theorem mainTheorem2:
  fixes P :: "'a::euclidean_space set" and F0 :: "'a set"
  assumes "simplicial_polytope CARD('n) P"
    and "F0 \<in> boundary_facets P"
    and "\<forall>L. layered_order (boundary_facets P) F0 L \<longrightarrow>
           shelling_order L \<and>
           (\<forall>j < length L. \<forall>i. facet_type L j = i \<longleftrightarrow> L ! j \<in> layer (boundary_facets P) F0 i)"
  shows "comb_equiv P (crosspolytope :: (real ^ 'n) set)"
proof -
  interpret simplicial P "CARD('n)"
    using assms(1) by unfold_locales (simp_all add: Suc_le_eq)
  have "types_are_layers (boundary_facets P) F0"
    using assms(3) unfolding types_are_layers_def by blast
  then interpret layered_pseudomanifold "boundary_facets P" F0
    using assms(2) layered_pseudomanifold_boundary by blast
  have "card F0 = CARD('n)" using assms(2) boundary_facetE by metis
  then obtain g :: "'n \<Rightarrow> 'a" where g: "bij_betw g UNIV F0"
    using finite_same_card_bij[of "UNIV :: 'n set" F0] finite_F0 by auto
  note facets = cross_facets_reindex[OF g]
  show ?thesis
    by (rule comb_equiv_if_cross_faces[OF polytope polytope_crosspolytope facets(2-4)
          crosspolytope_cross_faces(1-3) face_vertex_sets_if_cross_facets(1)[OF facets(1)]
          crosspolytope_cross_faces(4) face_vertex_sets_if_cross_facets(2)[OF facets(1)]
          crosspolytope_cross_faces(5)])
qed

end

§ §

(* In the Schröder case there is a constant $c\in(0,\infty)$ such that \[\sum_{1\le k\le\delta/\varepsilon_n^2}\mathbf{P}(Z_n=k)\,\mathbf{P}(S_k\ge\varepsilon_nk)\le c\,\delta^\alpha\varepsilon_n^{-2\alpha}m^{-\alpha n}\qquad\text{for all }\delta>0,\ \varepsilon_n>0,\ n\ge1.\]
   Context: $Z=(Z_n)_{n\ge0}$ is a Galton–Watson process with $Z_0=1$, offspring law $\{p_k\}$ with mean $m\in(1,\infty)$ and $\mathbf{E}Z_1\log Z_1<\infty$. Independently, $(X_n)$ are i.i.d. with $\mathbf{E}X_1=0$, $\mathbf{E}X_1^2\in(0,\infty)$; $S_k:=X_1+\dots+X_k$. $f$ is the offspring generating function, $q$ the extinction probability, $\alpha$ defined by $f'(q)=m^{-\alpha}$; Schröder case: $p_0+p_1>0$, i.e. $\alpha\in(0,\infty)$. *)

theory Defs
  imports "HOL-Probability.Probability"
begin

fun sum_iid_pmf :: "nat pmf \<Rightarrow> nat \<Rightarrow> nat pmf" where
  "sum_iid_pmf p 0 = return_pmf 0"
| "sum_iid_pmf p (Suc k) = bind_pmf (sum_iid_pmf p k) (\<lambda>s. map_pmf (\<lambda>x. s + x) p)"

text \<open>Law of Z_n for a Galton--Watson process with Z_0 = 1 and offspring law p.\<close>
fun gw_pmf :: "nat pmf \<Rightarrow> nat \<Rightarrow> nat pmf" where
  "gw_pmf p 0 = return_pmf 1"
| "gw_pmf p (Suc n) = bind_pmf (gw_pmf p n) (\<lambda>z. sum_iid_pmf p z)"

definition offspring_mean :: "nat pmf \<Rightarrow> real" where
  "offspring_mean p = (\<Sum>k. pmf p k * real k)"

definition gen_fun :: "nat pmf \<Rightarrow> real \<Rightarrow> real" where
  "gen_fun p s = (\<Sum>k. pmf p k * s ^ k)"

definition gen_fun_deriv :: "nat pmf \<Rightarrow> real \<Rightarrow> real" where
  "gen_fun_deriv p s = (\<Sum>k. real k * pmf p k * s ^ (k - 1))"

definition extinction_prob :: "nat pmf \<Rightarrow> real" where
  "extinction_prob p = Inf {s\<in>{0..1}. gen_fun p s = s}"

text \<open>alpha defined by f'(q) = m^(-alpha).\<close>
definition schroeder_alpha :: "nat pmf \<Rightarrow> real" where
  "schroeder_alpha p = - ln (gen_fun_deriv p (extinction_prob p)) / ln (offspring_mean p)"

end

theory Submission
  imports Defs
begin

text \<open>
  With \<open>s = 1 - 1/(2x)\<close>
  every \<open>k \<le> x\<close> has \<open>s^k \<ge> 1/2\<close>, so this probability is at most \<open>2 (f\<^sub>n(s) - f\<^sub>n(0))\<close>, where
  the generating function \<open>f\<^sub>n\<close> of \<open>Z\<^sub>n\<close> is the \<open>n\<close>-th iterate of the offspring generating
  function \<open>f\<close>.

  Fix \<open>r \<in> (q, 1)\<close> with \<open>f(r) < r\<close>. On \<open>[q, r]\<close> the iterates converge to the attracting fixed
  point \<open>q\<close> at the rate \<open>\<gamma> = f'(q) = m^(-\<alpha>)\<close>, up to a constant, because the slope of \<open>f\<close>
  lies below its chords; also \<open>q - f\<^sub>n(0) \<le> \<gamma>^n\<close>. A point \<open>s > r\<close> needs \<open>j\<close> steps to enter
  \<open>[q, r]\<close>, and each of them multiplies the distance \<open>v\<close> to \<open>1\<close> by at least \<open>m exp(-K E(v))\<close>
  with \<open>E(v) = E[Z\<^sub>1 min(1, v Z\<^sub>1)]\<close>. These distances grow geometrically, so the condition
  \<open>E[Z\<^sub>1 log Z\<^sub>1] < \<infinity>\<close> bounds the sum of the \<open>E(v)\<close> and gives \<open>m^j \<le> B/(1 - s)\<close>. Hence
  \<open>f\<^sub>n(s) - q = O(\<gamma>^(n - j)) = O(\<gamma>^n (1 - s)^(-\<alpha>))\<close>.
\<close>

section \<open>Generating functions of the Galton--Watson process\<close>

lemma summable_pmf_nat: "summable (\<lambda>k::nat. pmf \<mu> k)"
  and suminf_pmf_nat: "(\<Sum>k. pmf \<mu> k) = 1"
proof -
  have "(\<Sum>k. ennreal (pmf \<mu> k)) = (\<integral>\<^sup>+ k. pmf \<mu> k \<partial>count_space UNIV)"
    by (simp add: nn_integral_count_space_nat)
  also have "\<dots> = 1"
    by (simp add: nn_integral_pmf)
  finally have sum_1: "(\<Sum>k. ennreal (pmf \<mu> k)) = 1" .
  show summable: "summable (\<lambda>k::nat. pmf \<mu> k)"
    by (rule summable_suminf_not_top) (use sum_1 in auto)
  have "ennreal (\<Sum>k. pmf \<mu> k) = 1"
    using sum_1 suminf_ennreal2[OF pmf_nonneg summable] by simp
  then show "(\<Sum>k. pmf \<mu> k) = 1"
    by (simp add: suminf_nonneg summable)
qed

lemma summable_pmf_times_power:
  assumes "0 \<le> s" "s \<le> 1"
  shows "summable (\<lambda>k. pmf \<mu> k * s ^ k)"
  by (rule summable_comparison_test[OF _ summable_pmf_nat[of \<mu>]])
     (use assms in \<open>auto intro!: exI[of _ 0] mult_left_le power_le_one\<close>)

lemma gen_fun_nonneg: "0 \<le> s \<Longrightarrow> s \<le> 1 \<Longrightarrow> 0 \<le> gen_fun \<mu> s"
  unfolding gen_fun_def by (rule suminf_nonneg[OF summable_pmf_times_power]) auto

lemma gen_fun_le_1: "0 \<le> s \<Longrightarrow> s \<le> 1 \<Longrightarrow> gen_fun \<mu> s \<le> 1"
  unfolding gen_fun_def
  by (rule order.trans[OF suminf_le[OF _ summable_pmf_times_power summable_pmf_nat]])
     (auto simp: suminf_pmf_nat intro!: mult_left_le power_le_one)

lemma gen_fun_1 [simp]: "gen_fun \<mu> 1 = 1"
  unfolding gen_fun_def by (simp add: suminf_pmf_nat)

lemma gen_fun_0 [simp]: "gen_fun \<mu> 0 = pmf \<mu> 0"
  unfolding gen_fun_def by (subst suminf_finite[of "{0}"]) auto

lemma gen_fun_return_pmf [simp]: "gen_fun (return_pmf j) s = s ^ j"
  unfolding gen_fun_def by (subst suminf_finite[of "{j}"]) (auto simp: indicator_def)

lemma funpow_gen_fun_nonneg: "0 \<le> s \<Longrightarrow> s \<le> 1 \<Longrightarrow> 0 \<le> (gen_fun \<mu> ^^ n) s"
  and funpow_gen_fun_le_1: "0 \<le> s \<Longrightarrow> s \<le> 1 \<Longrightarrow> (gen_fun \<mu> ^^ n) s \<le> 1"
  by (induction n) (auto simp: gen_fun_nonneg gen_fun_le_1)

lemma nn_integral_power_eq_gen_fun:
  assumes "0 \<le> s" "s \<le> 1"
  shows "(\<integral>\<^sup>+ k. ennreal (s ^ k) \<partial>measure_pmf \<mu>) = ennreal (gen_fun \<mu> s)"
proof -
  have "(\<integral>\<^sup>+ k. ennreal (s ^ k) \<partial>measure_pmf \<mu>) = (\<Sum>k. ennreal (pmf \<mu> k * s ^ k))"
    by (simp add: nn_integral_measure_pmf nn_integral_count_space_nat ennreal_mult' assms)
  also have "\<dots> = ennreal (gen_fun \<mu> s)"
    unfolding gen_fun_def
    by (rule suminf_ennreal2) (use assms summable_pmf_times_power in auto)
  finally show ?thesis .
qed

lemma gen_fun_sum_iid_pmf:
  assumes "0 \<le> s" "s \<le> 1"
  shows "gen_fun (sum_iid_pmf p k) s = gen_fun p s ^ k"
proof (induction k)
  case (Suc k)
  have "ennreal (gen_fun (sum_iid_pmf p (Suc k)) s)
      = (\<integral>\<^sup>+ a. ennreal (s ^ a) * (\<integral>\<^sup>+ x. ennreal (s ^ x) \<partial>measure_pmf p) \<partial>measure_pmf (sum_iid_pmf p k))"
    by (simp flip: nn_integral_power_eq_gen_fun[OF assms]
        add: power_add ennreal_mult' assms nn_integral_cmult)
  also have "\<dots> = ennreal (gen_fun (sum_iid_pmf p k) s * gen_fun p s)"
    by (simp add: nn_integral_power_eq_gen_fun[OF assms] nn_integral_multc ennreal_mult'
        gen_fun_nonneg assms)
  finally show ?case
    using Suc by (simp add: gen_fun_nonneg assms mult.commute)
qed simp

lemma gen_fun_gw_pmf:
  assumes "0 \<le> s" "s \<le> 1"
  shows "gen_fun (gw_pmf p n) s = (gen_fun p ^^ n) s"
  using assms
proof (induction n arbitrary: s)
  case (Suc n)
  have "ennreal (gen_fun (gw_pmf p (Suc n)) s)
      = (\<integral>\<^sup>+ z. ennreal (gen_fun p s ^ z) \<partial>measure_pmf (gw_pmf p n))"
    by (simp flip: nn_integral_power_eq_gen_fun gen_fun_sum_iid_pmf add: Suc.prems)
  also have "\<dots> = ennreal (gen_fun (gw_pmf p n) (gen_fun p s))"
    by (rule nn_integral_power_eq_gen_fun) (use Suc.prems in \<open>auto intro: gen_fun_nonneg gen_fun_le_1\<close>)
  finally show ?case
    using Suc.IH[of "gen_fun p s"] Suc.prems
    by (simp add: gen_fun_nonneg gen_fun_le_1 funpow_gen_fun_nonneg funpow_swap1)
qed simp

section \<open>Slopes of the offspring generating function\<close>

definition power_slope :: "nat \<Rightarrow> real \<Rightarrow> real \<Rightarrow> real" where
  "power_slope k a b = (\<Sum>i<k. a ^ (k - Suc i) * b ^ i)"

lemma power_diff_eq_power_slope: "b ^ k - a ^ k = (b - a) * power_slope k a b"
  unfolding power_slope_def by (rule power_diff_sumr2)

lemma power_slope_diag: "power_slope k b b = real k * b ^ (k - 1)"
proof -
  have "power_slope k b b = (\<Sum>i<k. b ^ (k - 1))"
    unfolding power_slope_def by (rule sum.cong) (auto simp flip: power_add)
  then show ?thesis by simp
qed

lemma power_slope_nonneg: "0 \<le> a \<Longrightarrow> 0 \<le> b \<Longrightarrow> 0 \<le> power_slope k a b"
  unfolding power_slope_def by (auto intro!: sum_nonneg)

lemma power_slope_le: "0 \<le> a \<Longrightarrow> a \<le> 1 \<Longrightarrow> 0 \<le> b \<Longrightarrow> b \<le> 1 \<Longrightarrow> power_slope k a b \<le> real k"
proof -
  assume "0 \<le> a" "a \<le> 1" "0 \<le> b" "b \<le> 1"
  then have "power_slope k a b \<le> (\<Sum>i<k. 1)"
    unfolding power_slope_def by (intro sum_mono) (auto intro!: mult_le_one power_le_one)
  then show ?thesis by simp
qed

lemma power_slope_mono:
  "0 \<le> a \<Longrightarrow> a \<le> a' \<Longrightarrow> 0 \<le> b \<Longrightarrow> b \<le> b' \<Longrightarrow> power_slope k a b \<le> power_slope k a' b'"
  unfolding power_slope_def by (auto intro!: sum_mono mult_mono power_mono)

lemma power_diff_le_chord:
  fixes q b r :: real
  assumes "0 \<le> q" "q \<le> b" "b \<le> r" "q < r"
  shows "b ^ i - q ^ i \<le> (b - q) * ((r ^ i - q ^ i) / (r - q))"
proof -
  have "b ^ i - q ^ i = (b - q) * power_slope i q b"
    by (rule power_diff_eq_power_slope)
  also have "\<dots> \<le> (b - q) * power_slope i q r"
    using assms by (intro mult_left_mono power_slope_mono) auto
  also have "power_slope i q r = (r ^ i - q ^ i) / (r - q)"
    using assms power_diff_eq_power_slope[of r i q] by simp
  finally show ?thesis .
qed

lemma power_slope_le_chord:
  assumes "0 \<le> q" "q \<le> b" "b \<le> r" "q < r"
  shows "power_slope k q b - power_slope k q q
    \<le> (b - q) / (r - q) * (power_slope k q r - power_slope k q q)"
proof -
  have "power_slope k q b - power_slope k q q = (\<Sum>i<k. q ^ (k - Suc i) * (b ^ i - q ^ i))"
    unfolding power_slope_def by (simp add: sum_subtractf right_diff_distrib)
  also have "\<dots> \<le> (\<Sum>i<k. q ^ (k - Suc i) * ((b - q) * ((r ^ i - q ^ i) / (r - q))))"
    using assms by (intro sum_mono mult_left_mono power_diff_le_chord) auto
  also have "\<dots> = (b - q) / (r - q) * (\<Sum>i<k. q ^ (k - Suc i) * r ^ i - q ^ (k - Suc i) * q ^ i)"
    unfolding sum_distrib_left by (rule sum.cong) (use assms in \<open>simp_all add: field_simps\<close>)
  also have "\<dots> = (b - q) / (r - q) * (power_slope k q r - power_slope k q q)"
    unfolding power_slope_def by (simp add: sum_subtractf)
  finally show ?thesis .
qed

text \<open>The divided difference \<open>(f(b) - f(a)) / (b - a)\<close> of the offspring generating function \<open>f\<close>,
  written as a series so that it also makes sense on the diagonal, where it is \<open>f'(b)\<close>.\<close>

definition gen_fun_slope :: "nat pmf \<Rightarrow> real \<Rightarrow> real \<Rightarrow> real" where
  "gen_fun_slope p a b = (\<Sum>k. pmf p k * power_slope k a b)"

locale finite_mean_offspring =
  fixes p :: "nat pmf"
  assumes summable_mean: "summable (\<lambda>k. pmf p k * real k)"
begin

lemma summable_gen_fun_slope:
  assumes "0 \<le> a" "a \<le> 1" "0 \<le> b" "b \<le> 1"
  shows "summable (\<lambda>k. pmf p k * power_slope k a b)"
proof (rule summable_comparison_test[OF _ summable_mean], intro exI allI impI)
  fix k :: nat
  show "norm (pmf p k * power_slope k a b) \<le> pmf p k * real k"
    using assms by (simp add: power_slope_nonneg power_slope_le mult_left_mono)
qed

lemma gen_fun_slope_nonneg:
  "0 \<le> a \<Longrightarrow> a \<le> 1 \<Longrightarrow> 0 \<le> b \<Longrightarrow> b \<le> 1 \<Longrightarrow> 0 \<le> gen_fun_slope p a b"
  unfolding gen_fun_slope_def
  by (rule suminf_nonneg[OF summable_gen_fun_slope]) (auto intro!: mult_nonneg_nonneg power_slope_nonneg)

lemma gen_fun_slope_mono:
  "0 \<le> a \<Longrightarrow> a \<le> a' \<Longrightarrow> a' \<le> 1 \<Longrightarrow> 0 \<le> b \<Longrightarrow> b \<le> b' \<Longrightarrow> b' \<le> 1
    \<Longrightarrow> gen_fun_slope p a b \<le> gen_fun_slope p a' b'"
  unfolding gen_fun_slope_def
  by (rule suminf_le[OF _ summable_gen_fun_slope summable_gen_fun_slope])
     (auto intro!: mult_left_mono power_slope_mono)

§ §

▶ WHAT TO WORK ON
Pick each line holding the word "Schröder" out of the data and copy it.

▶ SOLUTION
(* In the Schröder case there is a constant $c\in(0,\infty)$ such that \[\sum_{1\le k\le\delta/\varepsilon_n^2}\mathbf{P}(Z_n=k)\,\mathbf{P}(S_k\ge\varepsilon_nk)\le c\,\delta^\alpha\varepsilon_n^{-2\alpha}m^{-\alpha n}\qquad\text{for all }\delta>0,\ \varepsilon_n>0,\ n\ge1.\]
   Context: $Z=(Z_n)_{n\ge0}$ is a Galton–Watson process with $Z_0=1$, offspring law $\{p_k\}$ with mean $m\in(1,\infty)$ and $\mathbf{E}Z_1\log Z_1<\infty$. Independently, $(X_n)$ are i.i.d. with $\mathbf{E}X_1=0$, $\mathbf{E}X_1^2\in(0,\infty)$; $S_k:=X_1+\dots+X_k$. $f$ is the offspring generating function, $q$ the extinction probability, $\alpha$ defined by $f'(q)=m^{-\alpha}$; Schröder case: $p_0+p_1>0$, i.e. $\alpha\in(0,\infty)$. *)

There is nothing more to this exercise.